**What you will do:**
After locating the line with "A_def by blast" in the data that follows, return it and every later line exactly, up to and including the line with "(* (1) For $\chi=0$".

(Records from a collection)
lemma is_fourier_L2_unique:
  assumes [measurable]: "u \<in> borel_measurable lborel"
    and v: "is_fourier_L2 u v" and v': "is_fourier_L2 u v'"
  shows "AE \<xi> in lborel. v \<xi> = v' \<xi>"
proof -
  have [measurable]: "v \<in> borel_measurable lborel" "v' \<in> borel_measurable lborel"
    using v v' unfolding is_fourier_L2_def by auto
  define A where "A n = (\<integral>\<^sup>+\<xi>. ennreal ((cmod (v \<xi> - ft_trunc u (real n) \<xi>))\<^sup>2) \<partial>lborel)" for n
  define B where "B n = (\<integral>\<^sup>+\<xi>. ennreal ((cmod (v' \<xi> - ft_trunc u (real n) \<xi>))\<^sup>2) \<partial>lborel)" for n
  have "(\<lambda>n. 2 * A n + 2 * B n) \<longlonglongrightarrow> 2 * 0 + 2 * 0"
    using v v' unfolding is_fourier_L2_def A_def B_def
    by (intro tendsto_add ennreal_tendsto_cmult) auto
  then have AB: "(\<lambda>n. 2 * A n + 2 * B n) \<longlonglongrightarrow> 0"
    by simp have "(\<integral>\<^sup>+\<xi>. ennreal ((cmod (v \<xi> - v' \<xi>))\<^sup>2) \<partial>lborel) \<le> 2 * A n + 2 * B n" for n
  proof -
    have "(\<integral>\<^sup>+\<xi>. ennreal ((cmod (v \<xi> - v' \<xi>))\<^sup>2) \<partial>lborel) \<le>
        (\<integral>\<^sup>+\<xi>. 2 * ennreal ((cmod (v \<xi> - ft_trunc u n \<xi>))\<^sup>2) + 2 * ennreal ((cmod (v' \<xi> - ft_trunc u n \<xi>))\<^sup>2) \<partial>lborel)"
    proof (intro nn_integral_mono)
      fix \<xi>
      have "ennreal ((cmod (v \<xi> - v' \<xi>))\<^sup>2) \<le>
          ennreal (2 * (cmod (v \<xi> - ft_trunc u n \<xi>))\<^sup>2 + 2 * (cmod (v' \<xi> - ft_trunc u n \<xi>))\<^sup>2)"
        using norm_add_power2_le[of "v \<xi> - ft_trunc u n \<xi>" "ft_trunc u n \<xi> - v' \<xi>"]
        by (intro ennreal_leI) (simp add: norm_minus_commute)
      then show "ennreal ((cmod (v \<xi> - v' \<xi>))\<^sup>2) \<le>
          2 * ennreal ((cmod (v \<xi> - ft_trunc u n \<xi>))\<^sup>2) + 2 * ennreal ((cmod (v' \<xi> - ft_trunc u n \<xi>))\<^sup>2)"
        by (simp add: ennreal_plus ennreal_mult)
    qed
    also have "\<dots> = 2 * A n + 2 * B n"
      unfolding A_def B_def by (simp add: nn_integral_add nn_integral_cmult)
    finally show ?thesis .
  qed
  then have "(\<integral>\<^sup>+\<xi>. ennreal ((cmod (v \<xi> - v' \<xi>))\<^sup>2) \<partial>lborel) \<le> 0"
    by (intro LIMSEQ_le_const[OF AB]) auto
  then have "(\<integral>\<^sup>+\<xi>. ennreal ((cmod (v \<xi> - v' \<xi>))\<^sup>2) \<partial>lborel) = 0"
    by simp
  then have "AE \<xi> in lborel. ennreal ((cmod (v \<xi> - v' \<xi>))\<^sup>2) = 0"
    by (subst (asm) nn_integral_0_iff_AE) auto
  then show ?thesis
    by eventually_elim simp
qed
lemma hyperboloid_lorentz_refl:
  assumes "minner N N \<noteq> 0" "hyperboloid P" "minner P N = 0" "hyperboloid X"
  shows "hyperboloid (lorentz_refl N X)"
proof -
  have XX: "minner X X = -1" and RR: "minner (lorentz_refl N X) (lorentz_refl N X) = -1"
    using assms(1,4) by (simp_all add: minner_lorentz_refl hyperboloid_def)
  have "minner X P < 0" using upper_sheet_iff[OF XX assms(2)] assms(4) by (simp add: hyperboloid_def)
  then have "minner (lorentz_refl N X) P < 0" using minner_lorentz_refl_orth[OF assms(3)] by simp
  then show ?thesis using upper_sheet_iff[OF RR assms(2)] RR by (simp add: hyperboloid_def)
qed

lemma h_isometry_minner:
  assumes "h_isometry f" "z \<in> hdisk" "w \<in> hdisk"
  shows "minner (to_hyp (f z)) (to_hyp (f w)) = minner (to_hyp z) (to_hyp w)"
proof -
  have "f z \<in> hdisk" "f w \<in> hdisk" "hdist (f z) (f w) = hdist z w"
    using assms by (auto simp: h_isometry_def)
  then show ?thesis using minner_eq_cosh_hdist assms(2,3) by (metis neg_equal_iff_equal)
qed

definition disk_refl :: "complex \<Rightarrow> complex \<Rightarrow> complex \<Rightarrow> complex" where
  "disk_refl A B = restrict (\<lambda>z. to_disk (lorentz_refl (mcross (to_hyp A) (to_hyp B)) (to_hyp z))) hdisk"

locale disk_point_pair =
  fixes A B :: complex
  assumes A: "A \<in> hdisk" and B: "B \<in> hdisk" and AB: "A \<noteq> B"
begin

abbreviation normal :: lvec where
  "normal \<equiv> mcross (to_hyp A) (to_hyp B)"

lemma minner_normal_pos: "minner normal normal > 0"
proof -
  have "to_hyp A \<noteq> to_hyp B" using A B AB to_hyp_inj by blast
  then have "- minner (to_hyp A) (to_hyp B) > 1"
    using reverse_cauchy_schwarz_strict[OF hyperboloid_to_hyp[OF A] hyperboloid_to_hyp[OF B]] by blast
  then have "1 * 1 < (- minner (to_hyp A) (to_hyp B)) * (- minner (to_hyp A) (to_hyp B))"
    by (intro mult_strict_mono) auto
  then show ?thesis
    using hyperboloid_to_hyp[OF A] hyperboloid_to_hyp[OF B]
    by (simp add: minner_mcross_self hyperboloid_def power2_eq_square)
qed

lemma normal_nonzero: "minner normal normal \<noteq> 0"
  using minner_normal_pos by simp

lemma disk_refl_in:
  assumes "z \<in> hdisk"
  shows "disk_refl A B z \<in> hdisk" "to_hyp (disk_refl A B z) = lorentz_refl normal (to_hyp z)"
proof -
  have "hyperboloid (lorentz_refl normal (to_hyp z))"
    using hyperboloid_lorentz_refl[OF normal_nonzero hyperboloid_to_hyp[OF A]]
      hyperboloid_to_hyp[OF assms] by (simp add: minner_mcross_orth)
  then show "disk_refl A B z \<in> hdisk" "to_hyp (disk_refl A B z) = lorentz_refl normal (to_hyp z)"
    using assms by (simp_all add: disk_refl_def to_disk_in_hdisk to_hyp_to_disk)
qed

lemma disk_refl_eq_self_iff:
  assumes "z \<in> hdisk"
  shows "disk_refl A B z = z \<longleftrightarrow> minner (to_hyp z) normal = 0"
proof -
  have "disk_refl A B z = z \<longleftrightarrow> to_hyp (disk_refl A B z) = to_hyp z"
    using to_hyp_inj[OF disk_refl_in(1)[OF assms] assms] by auto
  also have "\<dots> \<longleftrightarrow> minner (to_hyp z) normal = 0"
    unfolding disk_refl_in(2)[OF assms] by (rule lorentz_refl_eq_self_iff[OF normal_nonzero])
  finally show ?thesis .
qed

lemma h_isometry_disk_refl: "h_isometry (disk_refl A B)"
  unfolding h_isometry_def
proof (intro conjI ballI)
  show "disk_refl A B \<in> hdisk \<rightarrow>\<^sub>E hdisk" using disk_refl_in by (auto simp: disk_refl_def)
  fix z w assume z: "z \<in> hdisk" and w: "w \<in> hdisk"
  then show "hdist (disk_refl A B z) (disk_refl A B w) = hdist z w"
    using disk_refl_in[OF z] disk_refl_in[OF w]
    by (simp add: hdist_eq_arcosh_minner minner_lorentz_refl[OF normal_nonzero])
qed

lemma disk_refl_not_id: "disk_refl A B \<noteq> h_id"
proof -
  obtain n0 n1 n2 where N: "normal = (n0, n1, n2)" by (cases normal) auto
  have "normal \<noteq> 0" using minner_normal_pos by (auto simp: minner_def zero_prod_def)
  have "to_hyp 0 = (1, 0, 0)" "to_hyp (1/2) = (5/3, 4/3, 0)" "to_hyp (\<i>/2) = (5/3, 0, 4/3)"
    by (simp_all add: to_hyp_def power2_eq_square)
  then have "\<exists>z \<in> {0, 1/2, \<i>/2}. minner (to_hyp z) normal \<noteq> 0"
    using \<open>normal \<noteq> 0\<close> by (auto simp: N minner_def zero_prod_def)
  moreover have "{0, 1/2, \<i>/2} \<subseteq> hdisk" by (simp add: mem_hdisk norm_divide)
  ultimately obtain z where "z \<in> hdisk" "disk_refl A B z \<noteq> z"
    using disk_refl_eq_self_iff by blast
  moreover have "h_id z = z" using \<open>z \<in> hdisk\<close> by (simp add: h_id_def)
  ultimately show ?thesis by auto
qed
lemma two_point_exp_moment_convex_quadratic:
  fixes g :: "real \<Rightarrow> real"
  assumes g: "\<And>t. g t = c + t * D + t\<^sup>2 * C"
    and "C \<ge> 0" "\<bar>D\<bar> \<le> 1"
    and "\<beta> \<ge> 0" "\<gamma> \<ge> 0" "0 < \<beta> + \<gamma>" "\<beta> + \<gamma> \<le> 1"
    and "0 \<le> lam" "lam \<le> 1"
  shows "\<gamma> / (\<beta> + \<gamma>) * exp (lam * (c - g \<beta>)) + \<beta> / (\<beta> + \<gamma>) * exp (lam * (c - g (- \<gamma>)))
       \<le> exp (lam\<^sup>2 * \<beta> * \<gamma> * D\<^sup>2)"
proof -
  define y1 where "y1 = - lam * \<beta> * D"
  define y2 where "y2 = lam * \<gamma> * D"
  have "\<bar>y1\<bar> \<le> 1" "\<bar>y2\<bar> \<le> 1"
    unfolding y1_def y2_def using assms(3-9)
    by (auto simp: abs_mult intro!: mult_le_one)
  moreover have "lam * (c - g \<beta>) \<le> y1" "lam * (c - g (- \<gamma>)) \<le> y2"
    unfolding g y1_def y2_def using assms(2,8) by (simp_all add: algebra_simps)
  ultimately have "exp (lam * (c - g \<beta>)) \<le> 1 + y1 + y1\<^sup>2" "exp (lam * (c - g (- \<gamma>))) \<le> 1 + y2 + y2\<^sup>2"
    by (meson exp_le_cancel_iff exp_le_one_plus_self_plus_square order_trans)+
  then have "\<gamma> / (\<beta> + \<gamma>) * exp (lam * (c - g \<beta>)) + \<beta> / (\<beta> + \<gamma>) * exp (lam * (c - g (- \<gamma>)))
      \<le> \<gamma> / (\<beta> + \<gamma>) * (1 + y1 + y1\<^sup>2) + \<beta> / (\<beta> + \<gamma>) * (1 + y2 + y2\<^sup>2)"
    using assms(4,5) by (intro add_mono mult_left_mono) auto
  also have "\<dots> = (\<gamma> * (1 + y1 + y1\<^sup>2) + \<beta> * (1 + y2 + y2\<^sup>2)) / (\<beta> + \<gamma>)"
    by (simp add: add_divide_distrib)
  also have "\<gamma> * (1 + y1 + y1\<^sup>2) + \<beta> * (1 + y2 + y2\<^sup>2) = (\<beta> + \<gamma>) * (1 + lam\<^sup>2 * \<beta> * \<gamma> * D\<^sup>2)"
    unfolding y1_def y2_def by (simp add: power2_eq_square algebra_simps)
  also have "(\<beta> + \<gamma>) * (1 + lam\<^sup>2 * \<beta> * \<gamma> * D\<^sup>2) / (\<beta> + \<gamma>) = 1 + lam\<^sup>2 * \<beta> * \<gamma> * D\<^sup>2"
    using assms(6) by simp
  also have "\<dots> \<le> exp (lam\<^sup>2 * \<beta> * \<gamma> * D\<^sup>2)" by (rule exp_ge_add_one_self)
  finally show ?thesis .
qed
lemma increment_bound_imp_holder:
  fixes X :: "'a::metric_space set" and g :: "'a \<Rightarrow> real"
  assumes lin: "linear_order_on X r" and mon: "order_monotone r C X" and C: "C \<ge> 0"
    and s: "s > 0" and bX: "bounded X"
    and incr: "\<And>a b. a \<in> X \<Longrightarrow> b \<in> X \<Longrightarrow> (a,b) \<in> r \<Longrightarrow> g a \<le> g b"
    and jump: "\<And>a b. a \<in> X \<Longrightarrow> b \<in> X \<Longrightarrow> (a,b) \<in> r \<Longrightarrow>
                 g b \<le> g a + diameter (order_interval_lopen r X a b) powr s"
  shows "\<forall>a\<in>X. \<forall>b\<in>X. \<bar>g a - g b\<bar> \<le> C powr s * dist a b powr s"
proof -
  have ordered: "\<bar>g a - g b\<bar> \<le> C powr s * dist a b powr s"
    if ab: "a \<in> X" "b \<in> X" "(a,b)\<in>r" for a b
  proof -
    have sub: "order_interval_lopen r X a b \<subseteq> order_interval r X a b"
      unfolding order_interval_lopen_def order_interval_def by auto
    have bI: "bounded (order_interval r X a b)"
      using bX by (rule bounded_subset) (auto simp: order_interval_def)
    have "diameter (order_interval_lopen r X a b) \<le> diameter (order_interval r X a b)"
      using sub bI by (rule diameter_subset)
    also have "\<dots> \<le> C * dist a b" using mon ab unfolding order_monotone_def by blast
    finally have "diameter (order_interval_lopen r X a b) powr s \<le> (C * dist a b) powr s"
      using s bounded_subset[OF bI sub] by (intro powr_mono2) (auto simp: diameter_ge_0)
    also have "\<dots> = C powr s * dist a b powr s" using C by (simp add: powr_mult)
    finally show ?thesis using jump[OF ab] incr[OF ab] by linarith
  qed
  show ?thesis
  proof (intro ballI)
    fix a b assume a: "a \<in> X" and b: "b \<in> X"
    show "\<bar>g a - g b\<bar> \<le> C powr s * dist a b powr s"
    proof (cases "(a,b)\<in>r")
      case True then show ?thesis using ordered a b by blast
    next
      case False
      then have "\<bar>g b - g a\<bar> \<le> C powr s * dist b a powr s"
        using ordered linear_order_on_flip[OF lin a b] a b by blast
      then show ?thesis by (simp add: abs_minus_commute dist_commute)
    qed
  qed
qed

text \<open>Intermediate values for such functions, without any connectedness of X: a missed value t
  would produce a pair a < b with nothing strictly between them in the order and with the whole
  jump g b - g a carried by (a,b] \<subseteq> \{b\}, whose diameter is zero.\<close>

lemma increment_bound_image_interval:
  fixes X :: "'a::metric_space set" and g :: "'a \<Rightarrow> real"
  assumes lin: "linear_order_on X r" and cX: "compact X" and mon: "order_monotone r C X"
    and cont: "continuous_on X g"
    and incr: "\<And>a b. a \<in> X \<Longrightarrow> b \<in> X \<Longrightarrow> (a,b) \<in> r \<Longrightarrow> g a \<le> g b"
    and jump: "\<And>a b. a \<in> X \<Longrightarrow> b \<in> X \<Longrightarrow> (a,b) \<in> r \<Longrightarrow>
                 g b \<le> g a + diameter (order_interval_lopen r X a b) powr s"
    and m0: "m0 \<in> X" "\<forall>y\<in>X. (m0,y)\<in>r" and m1: "m1 \<in> X" "\<forall>y\<in>X. (y,m1)\<in>r"
  shows "g ` X = {g m0..g m1}"
proof
  show "g ` X \<subseteq> {g m0..g m1}" using incr m0 m1 by auto
next
  note asy = linear_order_onD(4)[OF lin]
  have clX: "closed X" using cX by (rule compact_imp_closed)
  have "t \<in> g ` X" if t: "t \<in> {g m0..g m1}" for t
  proof (rule ccontr)
    assume nt: "t \<notin> g ` X"
    define A where "A = {x\<in>X. g x \<le> t}"
    define B where "B = {x\<in>X. t \<le> g x}"
    have clA: "closed A" unfolding A_def
      by (rule continuous_on_closed_Collect_le[OF cont continuous_on_const clX])
    have clB: "closed B" unfolding B_def
      by (rule continuous_on_closed_Collect_le[OF continuous_on_const cont clX])
    obtain a where a: "a \<in> A" "\<forall>y\<in>A. (y,a)\<in>r"
      using closed_has_greatest[OF lin cX mon clA] m0 t unfolding A_def by auto
    obtain b where b: "b \<in> B" "\<forall>y\<in>B. (b,y)\<in>r"
      using closed_has_least[OF lin cX mon clB] m1 t unfolding B_def by auto
    have aX: "a \<in> X" and bX: "b \<in> X" using a b unfolding A_def B_def by auto
    have gat: "g a < t" using a nt aX unfolding A_def by force
    have gbt: "t < g b" using b nt bX unfolding B_def by force
    have ab: "(a,b)\<in>r"
    proof (rule ccontr)
      assume "(a,b)\<notin>r"
      then have "g b \<le> g a" using incr linear_order_on_flip[OF lin aX bX] aX bX by blast
      then show False using gat gbt by simp
    qed
    have gap: "order_interval_lopen r X a b \<subseteq> {b}"
    proof
      fix x assume "x \<in> order_interval_lopen r X a b"
      then have xX: "x \<in> X" and ax: "(a,x)\<in>r" and xa: "x \<noteq> a" and xb: "(x,b)\<in>r"
        unfolding order_interval_lopen_def by auto
      show "x \<in> {b}"
      proof (cases "g x \<le> t")
        case True
        then have "(x,a)\<in>r" using a xX unfolding A_def by blast
        then show ?thesis using ax xa asy unfolding antisym_def by blast
      next
        case False
        then have "(b,x)\<in>r" using b xX unfolding B_def by simp
        then show ?thesis using xb asy unfolding antisym_def by blast
      qed
    qed
    have "diameter (order_interval_lopen r X a b) \<le> diameter {b}"
      using gap by (rule diameter_subset) simp
    moreover have "diameter (order_interval_lopen r X a b) \<ge> 0"
      using bounded_subset[OF _ gap] by (intro diameter_ge_0) simp
    ultimately have "g b \<le> g a" using jump[OF aX bX ab] by simp
    then show False using gat gbt by simp
  qed
  then show "{g m0..g m1} \<subseteq> g ` X" by blast
qed
(* (1) For $\chi=0$ or $\chi=e$, the coinvariant algebra $C_\alpha$ of the block $A_\alpha$ (indexed by squares $\alpha\in\mathbb{F}_p$) is $k[c]/(c-\alpha)^2$ if $\alpha$ is a nonzero quadratic residue and $k[c]/(c)$ if $\alpha=0$. (2) For $\chi=ah/2$ with $a\in k^\times$, the coinvariant algebra of $A_\alpha$ (indexed by roots $\alpha$ of $c^p-2c^{(p+1)/2}+c-a^2$) is $k[c]/(c-\alpha)$.
   Context: Let $k$ be an algebraically closed field of characteristic $p>2$, $\mathfrak{sl}_2=\mathfrak{sl}_2(k)$ with standard basis $e,f,h$. $\mathcal{U}_0(\mathfrak{sl}_2)=\mathcal{U}(\mathfrak{sl}_2)/\langle e^p,f^p,h^p-h\rangle$, $\mathcal{U}_e(\mathfrak{sl}_2)=\mathcal{U}(\mathfrak{sl}_2)/\langle e^p,f^p-1,h^p-h\rangle$, $\mathcal{U}_{ah/2}(\mathfrak{sl}_2)=\mathcal{U}(\mathfrak{sl}_2)/\langle e^p,f^p,h^p-h-a\rangle$. $c=(h-1)^2+4ef$ generates the center $\mathcal{U}(\mathfrak{sl}_2)^{\mathrm{SL}_2}=k[c]$. $\mathcal{U}_\chi(\mathfrak{sl}_2)=\bigoplus_\alpha A_\alpha$ is the block decomposition, where $A_\alpha=\pi_\alpha\mathcal{U}_\chi(\mathfrak{sl}_2)$ ($\pi_\alpha$ central idempotents) is the block on whose simple modules $c$ acts by the scalar $\alpha$. The coinvariant algebra $C_\alpha$ is the image of the center of $\mathcal{U}(\mathfrak{sl}_2)$ (equivalently of $k[c]$) in $A_\alpha$, presented as a quotient of $k[c]$. *)

theory Defs
  imports "HOL-Computational_Algebra.Polynomial"
begin

definition alg_closed :: "'k::field itself \<Rightarrow> bool" where
  "alg_closed _ \<longleftrightarrow> (\<forall>q::'k poly. degree q > 0 \<longrightarrow> (\<exists>x. poly q x = 0))"

definition k_algebra :: "('k::field \<Rightarrow> 'a::ring_1) \<Rightarrow> bool" where
  "k_algebra sc \<longleftrightarrow> sc 0 = 0 \<and> sc 1 = 1 \<and>
     (\<forall>x y. sc (x + y) = sc x + sc y) \<and> (\<forall>x y. sc (x * y) = sc x * sc y) \<and>
     (\<forall>x y. sc x * y = y * sc x)"

text \<open>Together with the reduced relations (imposed separately) this characterises
  the reduced enveloping algebra U_chi(sl_2) up to isomorphism.\<close>
definition sl2_pbw_algebra ::
  "nat \<Rightarrow> ('k::field \<Rightarrow> 'a::ring_1) \<Rightarrow> 'a \<Rightarrow> 'a \<Rightarrow> 'a \<Rightarrow> bool" where
  "sl2_pbw_algebra p sc e f h \<longleftrightarrow>
     k_algebra sc \<and>
     h * e - e * h = 2 * e \<and> h * f - f * h = - (2 * f) \<and> e * f - f * e = h \<and>
     (\<forall>cf :: nat \<Rightarrow> nat \<Rightarrow> nat \<Rightarrow> 'k.
        (\<Sum>i<p. \<Sum>j<p. \<Sum>l<p. sc (cf i j l) * (f ^ i * h ^ j * e ^ l)) = 0 \<longrightarrow>
        (\<forall>i<p. \<forall>j<p. \<forall>l<p. cf i j l = 0)) \<and>
     (\<forall>x. \<exists>cf :: nat \<Rightarrow> nat \<Rightarrow> nat \<Rightarrow> 'k.
        x = (\<Sum>i<p. \<Sum>j<p. \<Sum>l<p. sc (cf i j l) * (f ^ i * h ^ j * e ^ l)))"

definition casimir :: "'a::ring_1 \<Rightarrow> 'a \<Rightarrow> 'a \<Rightarrow> 'a" where
  "casimir e f h = (h - 1)^2 + 4 * e * f"

definition central :: "'a::ring_1 \<Rightarrow> bool" where
  "central z \<longleftrightarrow> (\<forall>x. z * x = x * z)"

text \<open>Primitive central idempotent (= unit of a block).\<close>
definition prim_central_idem :: "'a::ring_1 \<Rightarrow> bool" where
  "prim_central_idem \<pi> \<longleftrightarrow> \<pi> \<noteq> 0 \<and> \<pi> * \<pi> = \<pi> \<and> central \<pi> \<and>
     (\<forall>\<epsilon>. central \<epsilon> \<and> \<epsilon> * \<epsilon> = \<epsilon> \<and> \<epsilon> * \<pi> = \<epsilon> \<longrightarrow> \<epsilon> = 0 \<or> \<epsilon> = \<pi>)"
lemma inner_orth_proj_commute:
  fixes W :: "'a::euclidean_space set"
  assumes "subspace W"
  shows "orth_proj W a \<bullet> b = a \<bullet> orth_proj W b"
proof -
  have orth: "w \<bullet> u = 0" if "w \<in> W" "u \<in> W\<^sup>\<bottom>" for w u
    using that by (simp add: orthogonal_comp_def orthogonal_def)
  note in_W = orth_proj_in[OF assms] and diff_in_W' = orth_proj_diff_in_orthogonal_comp[OF assms]
  have "orth_proj W a \<bullet> b = orth_proj W a \<bullet> orth_proj W b + orth_proj W a \<bullet> (b - orth_proj W b)"
    by (simp add: inner_diff_right)
  also have "\<dots> = orth_proj W a \<bullet> orth_proj W b"
    using orth in_W diff_in_W' by simp
  also have "\<dots> = (a - orth_proj W a) \<bullet> orth_proj W b + orth_proj W a \<bullet> orth_proj W b"
    using orth in_W diff_in_W' by (simp add: inner_commute)
  also have "\<dots> = a \<bullet> orth_proj W b"
    by (simp add: inner_diff_left)
  finally show ?thesis .
qed

lemma matrix_orth_proj_mult_vector:
  fixes W :: "(real^'n) set"
  assumes "subspace W"
  shows "matrix (orth_proj W) *v v = orth_proj W v"
  using matrix_vector_mul(2)[OF linear_orth_proj[OF assms]] by metis
lemma hoch_b2_wrt_velocity_eq_0:
  fixes m :: "real \<Rightarrow> ('a::real_normed_vector) cochain2"
  assumes "open I" "t \<in> I"
    and assoc: "\<forall>s\<in>I. \<forall>x y z. m s (m s x y) z = m s x (m s y z)"
    and m': "(m has_vector_derivative D) (at t)"
  shows "hoch_b2_wrt (m t) D = 0"
proof (rule blinfun_eqI)+
  fix x y z
  have m'_at: "((\<lambda>s. m s u v) has_vector_derivative D u v) (at t)" for u v
    by (intro has_vector_derivative_blinfun_apply m')
  have "((\<lambda>s. m s (m s x y) z) has_vector_derivative (m t (D x y) + D (m t x y)) z) (at t)"
    by (intro has_vector_derivative_blinfun_apply blinfun.has_vector_derivative m' m'_at)
  then have left: "((\<lambda>s. m s (m s x y) z) has_vector_derivative m t (D x y) z + D (m t x y) z) (at t)"
    by (simp add: blinfun.add_left)
  have "((\<lambda>s. m s x (m s y z)) has_vector_derivative m t x (D y z) + D x (m t y z)) (at t)"
    by (intro blinfun.has_vector_derivative m'_at has_vector_derivative_blinfun_apply m')
  then have right: "((\<lambda>s. m s (m s x y) z) has_vector_derivative m t x (D y z) + D x (m t y z)) (at t)"
    by (rule has_vector_derivative_transform_within_open[OF _ assms(1,2)]) (use assoc in auto)
  show "hoch_b2_wrt (m t) D x y z = blinfun_apply (blinfun_apply (blinfun_apply 0 x) y) z"
    using vector_derivative_unique_at[OF left right] by (simp add: algebra_simps)
qed

lemma neumann_series:
  fixes T :: "'v::banach \<Rightarrow> 'v"
  assumes "bounded_linear T" and contr: "\<And>x. norm (T x) \<le> q * norm x" and "0 \<le> q" "q < 1"
  shows summable_neumann_series: "summable (\<lambda>n. (T ^^ n) z)"
    and neumann_series_eq: "(\<Sum>n. (T ^^ n) z) - T (\<Sum>n. (T ^^ n) z) = z"
proof -
  interpret bounded_linear T by fact
  have bound: "norm ((T ^^ n) z) \<le> q ^ n * norm z" for n
  proof (induction n)
    case (Suc n)
    have "norm ((T ^^ Suc n) z) \<le> q * norm ((T ^^ n) z)" using contr by simp
    also have "\<dots> \<le> q * (q ^ n * norm z)" using Suc \<open>0 \<le> q\<close> by (intro mult_left_mono)
    finally show ?case by simp
  qed simp
  show sums: "summable (\<lambda>n. (T ^^ n) z)"
    by (rule summable_comparison_test'[where N=0, OF summable_mult2[OF summable_geometric]])
      (use bound \<open>0 \<le> q\<close> \<open>q < 1\<close> in auto)
  have "T (\<Sum>n. (T ^^ n) z) = (\<Sum>n. (T ^^ Suc n) z)"
    by (simp add: suminf[OF sums])
  also have "\<dots> = (\<Sum>n. (T ^^ n) z) - z"
    using suminf_split_head[OF sums] by simp
  finally show "(\<Sum>n. (T ^^ n) z) - T (\<Sum>n. (T ^^ n) z) = z" by simp
qed

lemma bij_blinfun_near_id:
  fixes F :: "'v::banach \<Rightarrow>\<^sub>L 'v"
  assumes "norm (F - id_blinfun) < 1"
  shows "bij (blinfun_apply F)"
proof (rule bijI)
  define q where "q = norm (F - id_blinfun)"
  have near: "norm (F x - x) \<le> q * norm x" for x
    using norm_blinfun[of "F - id_blinfun" x] by (simp add: q_def blinfun.diff_left)
  show "inj F"
  proof (rule injI)
    fix x y assume "F x = F y"
    then have "norm (x - y) \<le> q * norm (x - y)"
      using near[of "x - y"] by (simp add: blinfun.diff_right norm_minus_commute)
    then have "(1 - q) * norm (x - y) \<le> 0"
      by (simp add: algebra_simps)
    then show "x = y"
      using assms by (simp add: q_def mult_le_0_iff)
  qed
  define T where "T x = x - F x" for x
  have "bounded_linear T"
    unfolding T_def by (intro bounded_linear_sub bounded_linear_ident blinfun.bounded_linear_right)
  moreover have "norm (T x) \<le> q * norm x" for x
    using near[of x] by (simp add: T_def norm_minus_commute)
  ultimately have "F (\<Sum>n. (T ^^ n) z) = z" for z
    using neumann_series_eq[of T q z] assms by (simp add: T_def q_def)
  then show "surj F" by (rule surjI)
qed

**Answer to this task:**
        then have "(x,a)\<in>r" using a xX unfolding A_def by blast
        then show ?thesis using ax xa asy unfolding antisym_def by blast
      next
        case False
        then have "(b,x)\<in>r" using b xX unfolding B_def by simp
        then show ?thesis using xb asy unfolding antisym_def by blast
      qed
    qed
    have "diameter (order_interval_lopen r X a b) \<le> diameter {b}"
      using gap by (rule diameter_subset) simp
    moreover have "diameter (order_interval_lopen r X a b) \<ge> 0"
      using bounded_subset[OF _ gap] by (intro diameter_ge_0) simp
    ultimately have "g b \<le> g a" using jump[OF aX bX ab] by simp
    then show False using gat gbt by simp
  qed
  then show "{g m0..g m1} \<subseteq> g ` X" by blast
qed
(* (1) For $\chi=0$ or $\chi=e$, the coinvariant algebra $C_\alpha$ of the block $A_\alpha$ (indexed by squares $\alpha\in\mathbb{F}_p$) is $k[c]/(c-\alpha)^2$ if $\alpha$ is a nonzero quadratic residue and $k[c]/(c)$ if $\alpha=0$. (2) For $\chi=ah/2$ with $a\in k^\times$, the coinvariant algebra of $A_\alpha$ (indexed by roots $\alpha$ of $c^p-2c^{(p+1)/2}+c-a^2$) is $k[c]/(c-\alpha)$.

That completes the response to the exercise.